Характерный пример — глава, посвященная судьбе Бориса Левина и его роману «Юноша», исключительно интересному в плане социальной психологии, старых и новых литературных моделей, — своего рода «обыкновенной истории» на советский лад: о дядюшке и племяннике, любовном треугольнике и советском «околохудожественном быте». У Громовой — с подсказки «семейного архива» — весь сюжет превращается в запутанный клубок прототипов, их родственников, их приятелей, их жен, бывших и будущих. В конце концов, это одно из возможных прочтений, и Громова здесь скорее читатель, а не литературовед (пусть даже многие годы проработала в литературных музеях и с литературными архивами), и она не знает разницы между романной типологией и прототипической «рамой». Однако попытка представить затем историю РАППа точно так же заканчивается выяснением, кто на ком женат и кто кому двоюродный дядя. Впрочем, авторский комментарий говорит сам за себя: «Так возникали будущие переплетения судеб людей, которые будут вершить человеческие жизни» (с. 185).
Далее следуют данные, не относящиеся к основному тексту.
text \<open>Describing open sets by their traces on X makes intersections and unions easy.\<close>
lemma stat_compactification_open_iff:
  "stat_compactification_open X V \<longleftrightarrow>
     V \<subseteq> insert None (Some ` topspace X) \<and> openin X (Some -` V) \<and>
     (None \<in> V \<longrightarrow> stat_compact_in X (topspace X - Some -` V))"
  (is "?lhs \<longleftrightarrow> ?rhs")
proof
  assume ?lhs
  then show ?rhs
    unfolding stat_compactification_open_def
  proof (elim disjE exE conjE)
    fix U assume "openin X U" "V = Some ` U"
    then show ?rhs using openin_subset by (auto simp: inj_vimage_image_eq)
  next
    fix C assume C: "closedin X C" "stat_compact_in X C"
      "V = insert None (Some ` (topspace X - C))"
    then have "Some -` V = topspace X - C" by auto
    with C show ?rhs using closedin_subset[OF C(1)]
      by (auto simp: openin_diff Diff_Diff_Int Int_absorb1)
  qed
next
  assume ?rhs
  then have V: "V \<subseteq> insert None (Some ` topspace X)" and open_trace: "openin X (Some -` V)"
    and None: "None \<in> V \<Longrightarrow> stat_compact_in X (topspace X - Some -` V)"
    by auto
  have trace: "Some -` V \<subseteq> topspace X" using openin_subset[OF open_trace] .
  show ?lhs
  proof (cases "None \<in> V")
    case False
    with V have "V = Some ` (Some -` V)" by (auto simp: subset_iff)
    with open_trace show ?thesis
      unfolding stat_compactification_open_def by blast
  next
    case True
    have "closedin X (topspace X - Some -` V)" using open_trace by blast
    moreover have "V = insert None (Some ` (topspace X - (topspace X - Some -` V)))"
      using True V trace by (auto simp: subset_iff Diff_Diff_Int Int_absorb2)
    ultimately show ?thesis
      using None True unfolding stat_compactification_open_def by blast
  qed
qed

lemma stat_compactification_open_Int:
  assumes "stat_compactification_open X S" "stat_compactification_open X T"
  shows "stat_compactification_open X (S \<inter> T)"
proof -
  have "Some -` (S \<inter> T) = Some -` S \<inter> Some -` T" by auto
  moreover have "topspace X - Some -` (S \<inter> T) =
      (topspace X - Some -` S) \<union> (topspace X - Some -` T)" by auto
  moreover have "None \<in> S \<inter> T \<Longrightarrow>
      stat_compact_in X ((topspace X - Some -` S) \<union> (topspace X - Some -` T))"
    using assms by (intro stat_compact_in_Un) (auto simp: stat_compactification_open_iff)
  ultimately show ?thesis
    using assms by (auto simp: stat_compactification_open_iff)
qed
Но главная проблема этой книги — методологическая и, по большому счету, концептуальная. Прежде всего, речь о принципе работы с источниками (мягко говоря, некритическом), о сплошном «монтировании» и уравнивании в правах источников прямых (документальных) и устных рассказов, пересказов, «сплетен в виде версий». Нельзя выстраивать историю советской литературы по «семейному ангажементу», на основании домашних архивов и обывательской мифологии, заведомо игнорируя архивы ведомственные, сознательно оставляя «за скобками» номенклатурную биографию своих симпатичных «коммунальных» персонажей. Уравнивание в правах «героев литпроцесса» и «массовки», то самое смещение, которое могло бы стать приемом и инструментом, а здесь выглядит всего лишь «приглаживанием», отнюдь не безобидным, если иметь в виду, что речь идет, с одной стороны, о советской партийно-писательской номенклатуре (Луговском, Зелинском, Либединском), а с другой — о Пастернаке и Цветаевой.
Иными словами: для кого — бич, для кого петля, а тут одна и та же веревка.
И. Булкина
Бит-Юнан Ю.Г., Фельдман Д.М.
Василий Гроссман в зеркале литературных интриг
М.: ФОРУМ; НЕОЛИТ, 2016. — 368 с.
Выход монографии Ю.Г. Бит-Юнана и Д.М. Фельдмана «Василий Гроссман в зеркале литературных интриг» представляется явлением существенным и своевременным — не только в смысле обращения к незаслуженно забываемому писателю, но и в свете сложившихся биографических мифов, в частности о нонконформизме Гроссмана в предельно конформные времена. Исследователи реконструируют жизненный и творческий пути писателя, попутно устраняя белые пятна или корректируя свидетельства мемуаристов.
Бит-Юнан и Фельдман обращаются к обширной литературе о Гроссмане — трудам А.Г. Бочарова, Дж. и К. Гаррард, Ф.Б. Губера, С.И. Липкина и др. Последнего они чаще опровергают, «оправдывая» домыслы мемуариста мифотворчеством, которое требовалось, чтобы скорректировать представления о Гроссмане-конформисте в эмигрантских кругах. Однако что касается детства и юности писателя — и Бочаров, и Липкин, и Гаррарды использовали вторичные материалы, поскольку «аутентичные документальные свидетельства пока не обнаружены» (с. 24). На анализе рассказов, слухов, мемуаров и писем основаны и построения авторов, но некоторые лакуны не удалось заполнить и им. В частности, связанные с «гроссмановскими университетами» — непонятно, как сын «инженера-химика» (в реальности — бывшего купца еврея) стал вузовцем в 16 лет и перевелся из Киева на физмат МГУ. (Предположение авторов следует признать правдоподобным: рабфаковцам не требовался документ о среднем образовании; после окончания открывалась дорога в столичный вуз.)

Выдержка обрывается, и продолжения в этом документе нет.